(Dataset excerpts)
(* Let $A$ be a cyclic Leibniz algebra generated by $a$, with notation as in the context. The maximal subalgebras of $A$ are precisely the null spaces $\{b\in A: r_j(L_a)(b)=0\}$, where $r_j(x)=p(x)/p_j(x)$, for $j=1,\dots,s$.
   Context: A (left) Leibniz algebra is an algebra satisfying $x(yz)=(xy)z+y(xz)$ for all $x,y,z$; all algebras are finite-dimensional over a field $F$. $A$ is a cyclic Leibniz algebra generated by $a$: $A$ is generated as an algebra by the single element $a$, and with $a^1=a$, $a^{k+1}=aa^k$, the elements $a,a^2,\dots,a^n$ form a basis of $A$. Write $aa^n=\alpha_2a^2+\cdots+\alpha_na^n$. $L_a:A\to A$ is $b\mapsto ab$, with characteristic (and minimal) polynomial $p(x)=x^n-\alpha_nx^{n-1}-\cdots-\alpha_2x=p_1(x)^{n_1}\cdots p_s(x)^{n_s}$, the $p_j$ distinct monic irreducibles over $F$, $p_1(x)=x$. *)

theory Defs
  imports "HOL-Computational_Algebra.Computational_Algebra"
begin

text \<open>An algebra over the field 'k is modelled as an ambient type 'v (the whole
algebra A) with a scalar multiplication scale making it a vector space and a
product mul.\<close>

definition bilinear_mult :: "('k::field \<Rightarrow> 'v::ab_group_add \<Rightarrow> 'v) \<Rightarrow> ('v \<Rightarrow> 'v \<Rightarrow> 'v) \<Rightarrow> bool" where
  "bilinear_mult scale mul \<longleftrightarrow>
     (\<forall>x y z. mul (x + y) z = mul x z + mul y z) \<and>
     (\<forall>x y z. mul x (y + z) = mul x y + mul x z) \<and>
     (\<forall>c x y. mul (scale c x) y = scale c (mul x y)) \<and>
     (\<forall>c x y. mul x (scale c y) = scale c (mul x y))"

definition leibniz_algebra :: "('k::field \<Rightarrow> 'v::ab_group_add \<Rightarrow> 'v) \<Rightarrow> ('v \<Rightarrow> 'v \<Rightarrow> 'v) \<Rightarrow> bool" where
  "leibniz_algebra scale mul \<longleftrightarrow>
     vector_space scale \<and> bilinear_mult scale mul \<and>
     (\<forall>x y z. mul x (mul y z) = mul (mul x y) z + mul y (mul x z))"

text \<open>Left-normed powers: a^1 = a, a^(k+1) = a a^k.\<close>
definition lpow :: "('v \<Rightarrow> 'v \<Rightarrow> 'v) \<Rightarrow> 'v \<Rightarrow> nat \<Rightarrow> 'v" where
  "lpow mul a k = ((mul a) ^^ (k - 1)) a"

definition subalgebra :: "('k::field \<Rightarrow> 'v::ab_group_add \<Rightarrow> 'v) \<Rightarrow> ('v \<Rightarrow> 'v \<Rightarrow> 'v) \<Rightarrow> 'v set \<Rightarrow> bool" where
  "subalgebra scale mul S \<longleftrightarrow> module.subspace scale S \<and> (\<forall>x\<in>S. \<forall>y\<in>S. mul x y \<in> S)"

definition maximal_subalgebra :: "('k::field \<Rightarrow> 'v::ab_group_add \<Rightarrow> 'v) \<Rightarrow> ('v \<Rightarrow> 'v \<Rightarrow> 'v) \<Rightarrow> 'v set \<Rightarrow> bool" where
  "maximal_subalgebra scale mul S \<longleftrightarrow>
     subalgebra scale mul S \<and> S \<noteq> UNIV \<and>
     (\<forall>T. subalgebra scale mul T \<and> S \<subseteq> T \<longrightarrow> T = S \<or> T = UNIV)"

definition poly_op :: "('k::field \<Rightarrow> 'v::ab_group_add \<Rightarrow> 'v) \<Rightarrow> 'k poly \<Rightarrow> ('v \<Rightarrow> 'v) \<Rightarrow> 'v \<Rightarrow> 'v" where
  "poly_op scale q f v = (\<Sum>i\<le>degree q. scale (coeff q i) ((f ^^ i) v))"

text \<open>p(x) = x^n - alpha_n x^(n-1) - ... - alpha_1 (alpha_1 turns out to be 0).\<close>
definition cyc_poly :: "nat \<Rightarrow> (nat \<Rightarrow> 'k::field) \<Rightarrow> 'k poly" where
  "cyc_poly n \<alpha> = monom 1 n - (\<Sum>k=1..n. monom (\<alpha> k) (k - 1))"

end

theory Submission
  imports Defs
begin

* * *

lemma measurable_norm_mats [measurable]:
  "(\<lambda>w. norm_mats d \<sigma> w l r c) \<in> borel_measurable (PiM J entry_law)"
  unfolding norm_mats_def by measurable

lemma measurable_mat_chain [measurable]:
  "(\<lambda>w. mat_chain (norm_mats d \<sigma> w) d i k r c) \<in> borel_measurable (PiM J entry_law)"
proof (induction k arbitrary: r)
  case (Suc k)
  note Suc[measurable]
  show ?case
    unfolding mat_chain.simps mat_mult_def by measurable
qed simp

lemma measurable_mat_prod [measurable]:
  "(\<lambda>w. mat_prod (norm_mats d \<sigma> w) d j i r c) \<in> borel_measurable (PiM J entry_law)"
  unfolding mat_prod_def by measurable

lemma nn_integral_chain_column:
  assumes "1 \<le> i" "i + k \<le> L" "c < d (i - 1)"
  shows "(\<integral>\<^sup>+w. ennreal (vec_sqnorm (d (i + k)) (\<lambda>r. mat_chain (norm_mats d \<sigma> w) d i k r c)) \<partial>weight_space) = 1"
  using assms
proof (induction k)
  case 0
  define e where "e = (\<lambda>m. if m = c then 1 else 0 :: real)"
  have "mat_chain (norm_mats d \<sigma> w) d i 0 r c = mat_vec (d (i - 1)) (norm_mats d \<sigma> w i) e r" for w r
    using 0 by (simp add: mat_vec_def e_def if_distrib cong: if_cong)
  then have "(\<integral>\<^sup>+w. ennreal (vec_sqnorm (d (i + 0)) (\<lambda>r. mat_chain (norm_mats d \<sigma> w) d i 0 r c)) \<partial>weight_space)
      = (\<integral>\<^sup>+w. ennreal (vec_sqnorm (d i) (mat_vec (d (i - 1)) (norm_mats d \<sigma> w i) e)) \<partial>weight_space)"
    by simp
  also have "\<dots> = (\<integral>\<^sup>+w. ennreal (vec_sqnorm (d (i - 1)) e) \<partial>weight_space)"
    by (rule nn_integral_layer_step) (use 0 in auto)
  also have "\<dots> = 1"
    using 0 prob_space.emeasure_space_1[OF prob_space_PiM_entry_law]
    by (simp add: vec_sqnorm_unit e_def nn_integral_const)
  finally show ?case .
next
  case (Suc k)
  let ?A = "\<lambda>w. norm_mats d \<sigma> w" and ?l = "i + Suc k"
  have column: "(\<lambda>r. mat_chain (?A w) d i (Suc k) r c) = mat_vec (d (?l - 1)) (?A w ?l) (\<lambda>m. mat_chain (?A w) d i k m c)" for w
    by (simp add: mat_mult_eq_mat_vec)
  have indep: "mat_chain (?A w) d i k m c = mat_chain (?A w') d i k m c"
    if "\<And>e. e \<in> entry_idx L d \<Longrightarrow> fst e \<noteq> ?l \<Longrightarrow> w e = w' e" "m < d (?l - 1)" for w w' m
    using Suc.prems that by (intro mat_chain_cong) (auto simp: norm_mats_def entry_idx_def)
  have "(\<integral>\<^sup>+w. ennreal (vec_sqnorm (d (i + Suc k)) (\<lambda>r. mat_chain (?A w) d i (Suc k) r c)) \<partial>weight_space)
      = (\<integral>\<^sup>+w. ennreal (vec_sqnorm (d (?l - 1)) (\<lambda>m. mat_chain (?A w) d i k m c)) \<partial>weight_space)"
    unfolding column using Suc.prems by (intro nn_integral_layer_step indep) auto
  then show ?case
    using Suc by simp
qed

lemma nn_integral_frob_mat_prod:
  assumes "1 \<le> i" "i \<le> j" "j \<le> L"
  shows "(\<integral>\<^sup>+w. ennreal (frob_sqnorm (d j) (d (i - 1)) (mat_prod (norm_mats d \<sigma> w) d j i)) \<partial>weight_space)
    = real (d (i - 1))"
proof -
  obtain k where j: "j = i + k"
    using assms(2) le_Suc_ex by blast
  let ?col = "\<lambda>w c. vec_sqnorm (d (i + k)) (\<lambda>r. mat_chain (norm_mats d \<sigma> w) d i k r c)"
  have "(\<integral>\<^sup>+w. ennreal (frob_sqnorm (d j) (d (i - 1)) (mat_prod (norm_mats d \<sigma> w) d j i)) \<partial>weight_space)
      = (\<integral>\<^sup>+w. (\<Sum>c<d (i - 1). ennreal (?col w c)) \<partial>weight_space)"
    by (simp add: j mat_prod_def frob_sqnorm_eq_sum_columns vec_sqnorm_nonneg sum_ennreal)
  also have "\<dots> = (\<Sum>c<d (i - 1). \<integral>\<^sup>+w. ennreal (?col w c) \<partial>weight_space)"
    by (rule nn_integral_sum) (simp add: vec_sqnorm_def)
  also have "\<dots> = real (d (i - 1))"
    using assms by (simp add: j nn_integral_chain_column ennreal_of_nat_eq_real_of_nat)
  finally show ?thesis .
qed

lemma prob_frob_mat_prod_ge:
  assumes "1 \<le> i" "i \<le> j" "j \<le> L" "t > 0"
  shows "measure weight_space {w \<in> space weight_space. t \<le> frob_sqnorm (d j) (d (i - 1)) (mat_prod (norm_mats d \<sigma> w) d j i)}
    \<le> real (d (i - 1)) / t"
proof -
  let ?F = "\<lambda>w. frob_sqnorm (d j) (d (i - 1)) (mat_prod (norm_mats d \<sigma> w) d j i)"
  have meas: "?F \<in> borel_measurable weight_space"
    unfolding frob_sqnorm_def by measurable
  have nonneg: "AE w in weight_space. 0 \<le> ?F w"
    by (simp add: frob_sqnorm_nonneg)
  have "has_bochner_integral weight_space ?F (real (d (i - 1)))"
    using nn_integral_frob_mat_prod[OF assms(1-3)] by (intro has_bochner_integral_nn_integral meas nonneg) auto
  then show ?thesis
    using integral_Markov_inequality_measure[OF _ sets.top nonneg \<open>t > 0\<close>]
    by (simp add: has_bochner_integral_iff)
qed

● **INSTRUCTIONS FOR THE TASK**:
Using the records above, find the number of lines that contain the string "rule", and give that number without further comment.

● **ANSWER SPACE**:
2